** Opening Input data block **
lemma comp_neg_right:
  assumes f: "f \<in> Hom C a b" and g: "g \<in> Hom C b c" and obs: "a \<in> Ob C" "b \<in> Ob C" "c \<in> Ob C"
  shows "Comp C g (Neg C f) = Neg C (Comp C g f)"
proof (rule sym, rule neg_unique)
  have nf: "Neg C f \<in> Hom C a b"
    using f obs by (simp add: neg_in_Hom)
  show "Add C (Comp C g f) (Comp C g (Neg C f)) = Zero C a c"
    using comp_add_right[OF f nf g] obs by (simp add: add_neg_right[OF f] comp_Zero_right[OF g])
  show "Comp C g (Neg C f) \<in> Hom C a c"
    using comp_closed[OF nf g] obs by simp
qed (use comp_closed[OF f g] obs in simp_all)

lemma comp_diff_left:
  assumes "f \<in> Hom C a b" "g \<in> Hom C b c" "g' \<in> Hom C b c" "a \<in> Ob C" "b \<in> Ob C" "c \<in> Ob C"
  shows "Comp C (Add C g (Neg C g')) f = Add C (Comp C g f) (Neg C (Comp C g' f))"
  using assms by (simp add: comp_add_left neg_in_Hom comp_neg_left)

lemma comp_diff_right:
  assumes "f \<in> Hom C a b" "f' \<in> Hom C a b" "g \<in> Hom C b c" "a \<in> Ob C" "b \<in> Ob C" "c \<in> Ob C"
  shows "Comp C g (Add C f (Neg C f')) = Add C (Comp C g f) (Neg C (Comp C g f'))"
  using assms by (simp add: comp_add_right neg_in_Hom comp_neg_right)

lemma sgnmor_in_Hom: "f \<in> Hom C a b \<Longrightarrow> a \<in> Ob C \<Longrightarrow> b \<in> Ob C \<Longrightarrow> sgnmor C k f \<in> Hom C a b"
  by (simp add: sgnmor_def neg_in_Hom)

lemma sgnmor_Zero: "a \<in> Ob C \<Longrightarrow> b \<in> Ob C \<Longrightarrow> sgnmor C k (Zero C a b) = Zero C a b"
  by (simp add: sgnmor_def neg_Zero)

lemma sgnmor_Suc:
  "f \<in> Hom C a b \<Longrightarrow> a \<in> Ob C \<Longrightarrow> b \<in> Ob C \<Longrightarrow> sgnmor C (Suc k) f = Neg C (sgnmor C k f)"
  by (simp add: sgnmor_def neg_neg)

lemma sgnmor_Neg: "sgnmor C k (Neg C f) = Neg C (sgnmor C k f)"
  by (simp add: sgnmor_def)

lemma sgnmor_comp_left:
  "f \<in> Hom C a b \<Longrightarrow> g \<in> Hom C b c \<Longrightarrow> a \<in> Ob C \<Longrightarrow> b \<in> Ob C \<Longrightarrow> c \<in> Ob C
    \<Longrightarrow> Comp C (sgnmor C k g) f = sgnmor C k (Comp C g f)"
  by (simp add: sgnmor_def comp_neg_left)

lemma sgnmor_comp_right:
  "f \<in> Hom C a b \<Longrightarrow> g \<in> Hom C b c \<Longrightarrow> a \<in> Ob C \<Longrightarrow> b \<in> Ob C \<Longrightarrow> c \<in> Ob C
    \<Longrightarrow> Comp C g (sgnmor C k f) = sgnmor C k (Comp C g f)"
  by (simp add: sgnmor_def comp_neg_right)

end
(* Let $V$ be a topological real vector space and $C$ a cone in $V$. Assume $X_1,\dots,X_m,Y_1,\dots,Y_n$ are nonempty $C$-antichain-convex subsets of $V$, and put $X=X_1+\dots+X_m$ and $Y=Y_1+\dots+Y_n$. Suppose $\operatorname{int}(X)\neq\emptyset$ and $\operatorname{int}(X)\cap Y=\emptyset$. (1) If $X_1$ is $C$-upward, then $X$ and $Y$ are separated. (2) If $X_1$ is $C$-downward, then $X$ and $Y$ are separated.
   Context: A cone in $V$ is a subset $C$ with $\lambda C\subseteq C$ for all $\lambda>0$ (possibly empty, need not contain $0$). $S\subseteq V$ is $C$-antichain-convex iff for all $x,y\in S$ and $\lambda\in[0,1]$ with $y-x\notin C\cup(-C)$ one has $\lambda x+(1-\lambda)y\in S$. $S$ is $C$-upward iff $S+C\subseteq S$; $C$-downward iff $S-C\subseteq S$. Sums are Minkowski sums. $V^*$ is the space of continuous linear functionals on $V$. $X$ and $Y$ are separated iff there is $f\in V^*\setminus\{0\}$ with $\sup f[X]\le\inf f[Y]$. *)

theory Defs
  imports "HOL-Analysis.Analysis"
begin

class topological_real_vector = real_vector + topological_ab_group_add +
  assumes continuous_scaleR_joint:
    "((\<lambda>p. fst p *\<^sub>R snd p) \<longlongrightarrow> a *\<^sub>R x) (nhds a \<times>\<^sub>F nhds x)"

definition is_cone :: "'a::real_vector set \<Rightarrow> bool" where
  "is_cone C \<longleftrightarrow> (\<forall>l::real. l > 0 \<longrightarrow> (\<forall>c\<in>C. l *\<^sub>R c \<in> C))"

definition antichain_convex :: "'a::real_vector set \<Rightarrow> 'a set \<Rightarrow> bool" where
  "antichain_convex C S \<longleftrightarrow>
     (\<forall>x\<in>S. \<forall>y\<in>S. \<forall>l::real. 0 \<le> l \<and> l \<le> 1 \<and> y - x \<notin> C \<union> uminus ` C
        \<longrightarrow> l *\<^sub>R x + (1 - l) *\<^sub>R y \<in> S)"

definition upward :: "'a::real_vector set \<Rightarrow> 'a set \<Rightarrow> bool" where
  "upward C S \<longleftrightarrow> (\<forall>s\<in>S. \<forall>c\<in>C. s + c \<in> S)"

definition downward :: "'a::real_vector set \<Rightarrow> 'a set \<Rightarrow> bool" where
  "downward C S \<longleftrightarrow> (\<forall>s\<in>S. \<forall>c\<in>C. s - c \<in> S)"
(* Conics. A ternary quadratic form
   a x^2 + b y^2 + c z^2 + d xy + e xz + f yz is given by (a,b,c,d,e,f);
   a conic is a class of such forms modulo nonzero scalars. *)
type_synonym 'a qform = "'a \<times> 'a \<times> 'a \<times> 'a \<times> 'a \<times> 'a"

fun qf :: "'a::comm_ring_1 qform \<Rightarrow> 'a ^ 3 \<Rightarrow> 'a" where
  "qf (a, b, c, d, e, f) v = a * v$1^2 + b * v$2^2 + c * v$3^2
      + d * v$1 * v$2 + e * v$1 * v$3 + f * v$2 * v$3"

(* half-discriminant: nonzero iff the conic is non-degenerate (all characteristics) *)
fun qdisc :: "'a::comm_ring_1 qform \<Rightarrow> 'a" where
  "qdisc (a, b, c, d, e, f) = 4*a*b*c + d*e*f - a*f^2 - b*e^2 - c*d^2"

fun qscale :: "'a::comm_ring_1 \<Rightarrow> 'a qform \<Rightarrow> 'a qform" where
  "qscale t (a, b, c, d, e, f) = (t*a, t*b, t*c, t*d, t*e, t*f)"

fun qmap :: "('a \<Rightarrow> 'b) \<Rightarrow> 'a qform \<Rightarrow> 'b qform" where
  "qmap \<phi> (a, b, c, d, e, f) = (\<phi> a, \<phi> b, \<phi> c, \<phi> d, \<phi> e, \<phi> f)"

definition ccls :: "'a::field qform \<Rightarrow> 'a qform set" where
  "ccls k = {qscale t k | t. t \<noteq> 0}"

definition conics :: "'a::field qform set set" where
  "conics = {ccls k | k. qdisc k \<noteq> 0}"

definition cpts :: "'a::field qform set \<Rightarrow> ('a ^ 3) set set" where
  "cpts K = {P \<in> points. \<forall>k\<in>K. \<forall>v\<in>P. qf k v = 0}"

definition cimg_rel :: "('a::field ^ 3 ^ 3) set \<Rightarrow> 'a qform set \<Rightarrow> 'a qform set \<Rightarrow> bool" where
  "cimg_rel g K K' \<longleftrightarrow> (\<exists>M\<in>g. \<exists>k\<in>K. \<exists>k'\<in>K'. \<forall>v. qf k' (M *v v) = qf k v)"

definition field_emb :: "('a::field \<Rightarrow> 'b::field) \<Rightarrow> bool" where
  "field_emb \<phi> \<longleftrightarrow> (\<forall>x y. \<phi> (x + y) = \<phi> x + \<phi> y) \<and> (\<forall>x y. \<phi> (x * y) = \<phi> x * \<phi> y)
                   \<and> \<phi> 1 = 1"

definition vmap :: "('a \<Rightarrow> 'b) \<Rightarrow> 'a ^ 3 \<Rightarrow> 'b ^ 3" where
  "vmap \<phi> v = (\<chi> i. \<phi> (v $ i))"

definition mmap :: "('a \<Rightarrow> 'b) \<Rightarrow> 'a ^ 3 ^ 3 \<Rightarrow> 'b ^ 3 ^ 3" where
  "mmap \<phi> M = (\<chi> i j. \<phi> (M $ i $ j))"

definition sub_points :: "('a::field \<Rightarrow> 'b::field) \<Rightarrow> ('b ^ 3) set set" where
  "sub_points \<phi> = {proj_pt (vmap \<phi> v) | v. v \<noteq> 0}"

definition delta :: "('a::field \<Rightarrow> 'b::field) \<Rightarrow> ('a ^ 3 ^ 3) set set \<Rightarrow> ('b ^ 3) set set" where
  "delta \<phi> C1 = {D \<in> points. D \<notin> sub_points \<phi> \<and> (\<forall>g\<in>C1. \<forall>M\<in>g. mact (mmap \<phi> M) D = D)}"

definition circ_bundle :: "('a::field \<Rightarrow> 'b::field) \<Rightarrow> ('a ^ 3 ^ 3) set set \<Rightarrow> 'a qform set set" where
  "circ_bundle \<phi> C1 = {K \<in> conics. \<forall>D\<in>delta \<phi> C1. \<forall>k\<in>K. \<forall>w\<in>D. qf (qmap \<phi> k) w = 0}"

definition tangent_at :: "('a::field ^ 3) set set \<Rightarrow> 'a qform set \<Rightarrow> ('a ^ 3) set \<Rightarrow> bool" where
  "tangent_at l K B \<longleftrightarrow> B \<in> cpts K \<and> l \<inter> cpts K = {B}"

end

theory Submission
  imports Defs "HOL-Computational_Algebra.Polynomial"
begin

(*
  Let M be a matrix representing g. M has no eigenvector over GF(q): a fixed point of g would
  force g = 1 by the regularity of C1, and then K' = K. Hence v, M v, M^2 v is a basis for every
  v \<noteq> 0, and as M^(q^3) = M the characteristic polynomial of M divides X^(q^3) - X, so it has
  three distinct roots in GF(q^3). The eigenvectors are the vertices of the triangle: the generator
  of C1 commutes with M and is therefore diagonal in the same basis.

  In these coordinates g is x \<mapsto> m x (componentwise, with distinct m_i) and a conic through the
  vertices is sum l_i x_j x_k = 0, the image of the line l under the standard quadratic
  transformation x \<mapsto> x\<inverse>. Rescaling by x\<inverse> y\<inverse> shows that x, m x, y are collinear iff
  y\<inverse>, m y\<inverse>, x\<inverse> are. For A, B = m A and P on the conic, the points B\<inverse>, m B\<inverse> = A\<inverse> and
  P\<inverse> lie on l, so P, P^g, B are collinear. If X is on the conic and on the line B B^g, then
  X\<inverse>, m X\<inverse>, B\<inverse> are collinear with X\<inverse>, B\<inverse>, m B\<inverse> on l; as the m_i are distinct this
  forces X = B, so B B^g is tangent. Applying this to g\<inverse> gives the tangent B A of K^g.
*)

section \<open>Linear algebra in dimension three\<close>

lemma matrix_vector_mult_3:
  "(M *v v) $ i = M$i$1 * v$1 + M$i$2 * v$2 + M$i$3 * v$3" for M :: "'a::semiring_1^3^3"
  by (simp add: matrix_vector_mult_def sum_3)

lemma matrix_matrix_mult_3:
  "(A ** B) $ i $ j = A$i$1 * B$1$j + A$i$2 * B$2$j + A$i$3 * B$3$j" for A :: "'a::semiring_1^3^3"
  by (simp add: matrix_matrix_mult_def sum_3)

lemma matrix_matrix_mult_row: "(A ** B) $ i = A $ i v* B"
  for A :: "'a::comm_semiring_1^'m^'n"
  by (simp add: vec_eq_iff matrix_matrix_mult_def vector_matrix_mult_def mult.commute)

lemma vector_matrix_mult_eq_sum: "x v* A = (\<Sum>i\<in>UNIV. x$i *s A$i)"
  for A :: "'a::comm_semiring_1^'m^'n"
  using matrix_vector_column[of "transpose A" x] by simp

lemma matrix_vector_mult_eq_0_iff:
  fixes A :: "'a::field^'n^'n"
  assumes "det A \<noteq> 0"
  shows "A *v x = 0 \<longleftrightarrow> x = 0"
  using assms det_nz_iff_inj_gen[of "(*v) A"]
  by (metis injD matrix_of_matrix_vector_mul matrix_vector_mul_linear_gen matrix_vector_mult_0_right)

lemma det_eq_0_imp_kernel:
  fixes A :: "'a::field^'n^'n"
  assumes "det A = 0"
  obtains x where "x \<noteq> 0" "A *v x = 0"
proof -
  have "\<not> inj ((*v) A)"
    using assms det_nz_iff_inj_gen[of "(*v) A"] by simp
  then obtain x y where "x \<noteq> y" "A *v x = A *v y"
    unfolding inj_def by blast
  then show ?thesis
    by (intro that[of "x - y"]) (simp_all add: matrix_vector_mult_diff_distrib)
qed

lemma mat_matrix_vector_mult: "mat t *v x = t *s x"
  for x :: "'a::comm_semiring_1^'n"
  by (simp add: vec_eq_iff matrix_vector_mult_def mat_def if_distrib if_distribR sum.delta cong: if_cong)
** Closing Input data block **
Assignment:
Set down, from the entries above, exactly the lines from the one with "In these coordinates" up to and including the one with "by (simp add: matrix_vector_mult_def sum_3)", and no other lines.

Reply to the exercise:
  In these coordinates g is x \<mapsto> m x (componentwise, with distinct m_i) and a conic through the
  vertices is sum l_i x_j x_k = 0, the image of the line l under the standard quadratic
  transformation x \<mapsto> x\<inverse>. Rescaling by x\<inverse> y\<inverse> shows that x, m x, y are collinear iff
  y\<inverse>, m y\<inverse>, x\<inverse> are. For A, B = m A and P on the conic, the points B\<inverse>, m B\<inverse> = A\<inverse> and
  P\<inverse> lie on l, so P, P^g, B are collinear. If X is on the conic and on the line B B^g, then
  X\<inverse>, m X\<inverse>, B\<inverse> are collinear with X\<inverse>, B\<inverse>, m B\<inverse> on l; as the m_i are distinct this
  forces X = B, so B B^g is tangent. Applying this to g\<inverse> gives the tangent B A of K^g.
*)

section \<open>Linear algebra in dimension three\<close>

lemma matrix_vector_mult_3:
  "(M *v v) $ i = M$i$1 * v$1 + M$i$2 * v$2 + M$i$3 * v$3" for M :: "'a::semiring_1^3^3"
  by (simp add: matrix_vector_mult_def sum_3)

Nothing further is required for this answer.